Traditionally, only accredited investors, private equity firms, or major financial institutions have been able to invest in early-stage, high-growth companies before an initial public offering. While there are many VCs and angels out there, they hear many pitches, they have many options, their funding often makes up only part of what a start-up needs and can come with some significant strings attached.
But in March 2021, the U.S. Securities and Exchange Commission (SEC) changed a key regulation known as Regulation A, Tier 2, now enabling U.S. based companies to raise up to $75 million every 12 months from a wider range of investors, including retail investors. This was a major, under-reported addition to the startup founders’ toolkit.

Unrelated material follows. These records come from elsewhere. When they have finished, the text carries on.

theorem mainTheorem9:
  shows "\<not> approx_biprojective T_alg"
proof
  assume "approx_biprojective T_alg"
  then obtain F where F: "F \<noteq> bot" "eventually (bimod_morph T_alg) F"
    and lim: "((\<lambda>\<rho>. ba_nrm T_alg (ba_add T_alg (tproj T_alg (\<rho> E22)) (ba_smul T_alg (-1) E22))) \<longlongrightarrow> 0) F"
    unfolding approx_biprojective_def using matrix_units_closed(3) by blast
  have "eventually (\<lambda>\<rho>. ba_nrm T_alg (ba_add T_alg (tproj T_alg (\<rho> E22)) (ba_smul T_alg (-1) E22)) < 1) F"
    using order_tendstoD(2)[OF lim, of 1] by simp
  with F(2) have "eventually (\<lambda>\<rho>. False) F"
    by eventually_elim (use bimod_morph_E22_error_ge_1 in fastforce)
  with F(1) show False by (simp add: eventually_False)
qed

end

Blockchain and digital investor onboarding technology are now making it comparatively easy for founders to turn to retail investors in funding their still-privately held businesses, with shares issued in the form of tokens securely recorded on public blockchains such as Avalanche, Algorand, Ethereum, or permissioned chains if more privacy is needed. This can be a fundamentally better way to raise capital, and privately held companies and their customers are already taking notice.
Unlocking wealth creation
This blockchain-based “Mini-IPO” solution, which works within the existing regulatory framework, can’t come a moment too soon. Even before the current inflationary period, the smart money was already moving to private market alternative assets in search of meaningful returns, such that the private markets grew in 2020 at twice the pace of the public markets. Yet the wealth creation benefits of this growth have been enjoyed by the very few who were aware of private market opportunities and able to access them, particularly institutions, VCs and accredited investors.

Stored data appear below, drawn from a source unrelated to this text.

lemma node_term_has_sum:
  assumes r: "\<And>j. r j \<ge> 0" and b: "\<And>j. b j \<ge> 0" and w: "\<And>t. w t \<ge> 0" and g: "\<And>t. g t \<ge> 0"
    and hw: "(w has_sum W) UNIV" and hv: "((\<lambda>t. w t * g t) has_sum V) UNIV"
    and hS: "degree_term r b W V sums S"
  shows "(node_term r b w g has_sum S) UNIV"
proof -
  have nonneg: "node_term r b w g t \<ge> 0" for t by (rule node_term_nonneg[OF r b w g])
  have "W \<ge> 0" "V \<ge> 0" using has_sum_nonneg[OF hw] has_sum_nonneg[OF hv] w g by auto
  then have d_nonneg: "degree_term r b W V j \<ge> 0" for j by (simp add: degree_term_nonneg r b)
  have finite_le: "sum (node_term r b w g) F \<le> S" if "finite F" for F
  proof (rule sum_node_term_le[OF that r b w g])
    show "sum w (\<Union>t\<in>F. set (children t)) \<le> W"
      by (rule finite_sum_le_has_sum[OF hw]) (use that w in auto)
    show "(\<Sum>t\<in>(\<Union>t\<in>F. set (children t)). w t * g t) \<le> V"
      by (rule finite_sum_le_has_sum[OF hv]) (use that w g in auto)
    show "(\<Sum>j<L. degree_term r b W V j) \<le> S" for L
      by (rule sum_lessThan_le_sums[OF d_nonneg hS])
  qed
  have summable: "node_term r b w g summable_on UNIV"
    using nonneg finite_le by (intro nonneg_bdd_above_summable_on bdd_aboveI) auto
  have "infsum (node_term r b w g) UNIV \<le> S"
    by (rule infsum_le_finite_sums[OF summable finite_le])
  moreover have "S \<le> infsum (node_term r b w g) UNIV"
    unfolding sums_unique[OF hS]
    by (rule suminf_le_const[OF sums_summable[OF hS] degree_terms_le_infsum_node_term[OF summable nonneg hw hv]])
  ultimately show ?thesis using summable by (metis antisym has_sum_infsum)
qed

lemma nverts_child_less: "t \<in> set ts \<Longrightarrow> nverts t < nverts (Node ts)"
  by (simp add: le_imp_less_Suc member_le_sum_list)

lemma finite_sums_le_supersolution:
  assumes q: "\<And>j. q j \<ge> 0" and a: "\<And>j. a j \<ge> 0" and w: "\<And>t. w t \<ge> 0" and g: "\<And>t. g t \<ge> 0"
    and w_rec: "\<And>t. w t = node_term q (\<lambda>_. 1) w (\<lambda>_. 0) t"
    and wg_rec: "\<And>t. w t * g t = node_term q a w g t"
    and s: "s \<ge> 0" and K: "K \<ge> 0"
    and s_super: "\<And>L. (\<Sum>j<L. degree_term q (\<lambda>_. 1) s 0 j) \<le> s"
    and K_super: "\<And>L. (\<Sum>j<L. degree_term q a s K j) \<le> K"
    and "finite F"
  shows "sum w F \<le> s \<and> (\<Sum>t\<in>F. w t * g t) \<le> K"
proof -
  have "sum w F \<le> s \<and> (\<Sum>t\<in>F. w t * g t) \<le> K" if "finite F" "\<forall>t\<in>F. nverts t < n" for n F
    using that
  proof (induction n arbitrary: F)
    case 0
    then show ?case using s K by simp
  next
    case (Suc n)
    define C where "C = (\<Union>t\<in>F. set (children t))"
    have "nverts c < n" if "c \<in> C" for c
    proof -
      obtain t where t: "t \<in> F" "c \<in> set (children t)" using \<open>c \<in> C\<close> unfolding C_def by blast
      then have "nverts c < nverts t" using nverts_child_less by (cases t) auto
      then show ?thesis using t(1) Suc.prems(2) by auto
    qed
    then have IH: "sum w C \<le> s" "(\<Sum>t\<in>C. w t * g t) \<le> K"
      using Suc.IH[of C] Suc.prems(1) unfolding C_def by auto
    have "sum w F = sum (node_term q (\<lambda>_. 1) w (\<lambda>_. 0)) F"
      by (rule sum.cong[OF refl w_rec])
    also have "\<dots> \<le> s"
      by (rule sum_node_term_le[where x = s and y = 0])
         (use Suc.prems(1) q w IH s_super in \<open>simp_all add: C_def\<close>)
    finally have "sum w F \<le> s" .
    have "(\<Sum>t\<in>F. w t * g t) = sum (node_term q a w g) F"
      by (rule sum.cong[OF refl wg_rec])
    also have "\<dots> \<le> K"
      by (rule sum_node_term_le[where x = s and y = K])
         (use Suc.prems(1) q a w g IH K_super in \<open>simp_all add: C_def\<close>)
    finally show ?case using \<open>sum w F \<le> s\<close> by simp
  qed
  moreover have "\<forall>t\<in>F. nverts t < Suc (\<Sum>t\<in>F. nverts t)"
    using member_le_sum[of _ F nverts] \<open>finite F\<close> by (simp add: le_imp_less_Suc)
  ultimately show ?thesis using \<open>finite F\<close> by blast
qed

section \<open>The offspring generating function\<close>

locale offspring_distribution =
  fixes p :: "nat \<Rightarrow> real"
  assumes p_nonneg: "\<And>k. p k \<ge> 0"
    and p_sums_1: "p sums 1"
    and summable_mean: "summable (\<lambda>k. real k * p k)"
    and mu_pos: "mu p > 0"
begin

lemma summable_gf: "\<bar>x\<bar> < 1 \<Longrightarrow> summable (\<lambda>n. p n * x ^ n)"
proof (rule summable_comparison_test'[of p 0])
  show "summable p" using p_sums_1 by (simp add: sums_iff)
  fix n assume "\<bar>x\<bar> < 1"
  then have "\<bar>x\<bar> ^ n \<le> 1" by (simp add: power_le_one)
  then show "norm (p n * x ^ n) \<le> p n"
    using p_nonneg[of n] by (simp add: abs_mult power_abs mult_left_le)
qed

Gone are the days of Microsoft, Amazon, and Oracle, whose early IPOs were seen as opportunities for individual investors to share in unicorn-driven wealth. With businesses remaining private longer than ever and approximately 80% of companies losing value when they IPO (as major private investors cash out), the need to democratize access to the wealth creation occurring in the private markets is pressing. While an IPO used to be a sign that a company had “made it”, today it can just as easily be a sign of its decline. Creating a market for shares of private businesses before they go public can create both liquidity and eliminate the fall to earth that often follows an IPO.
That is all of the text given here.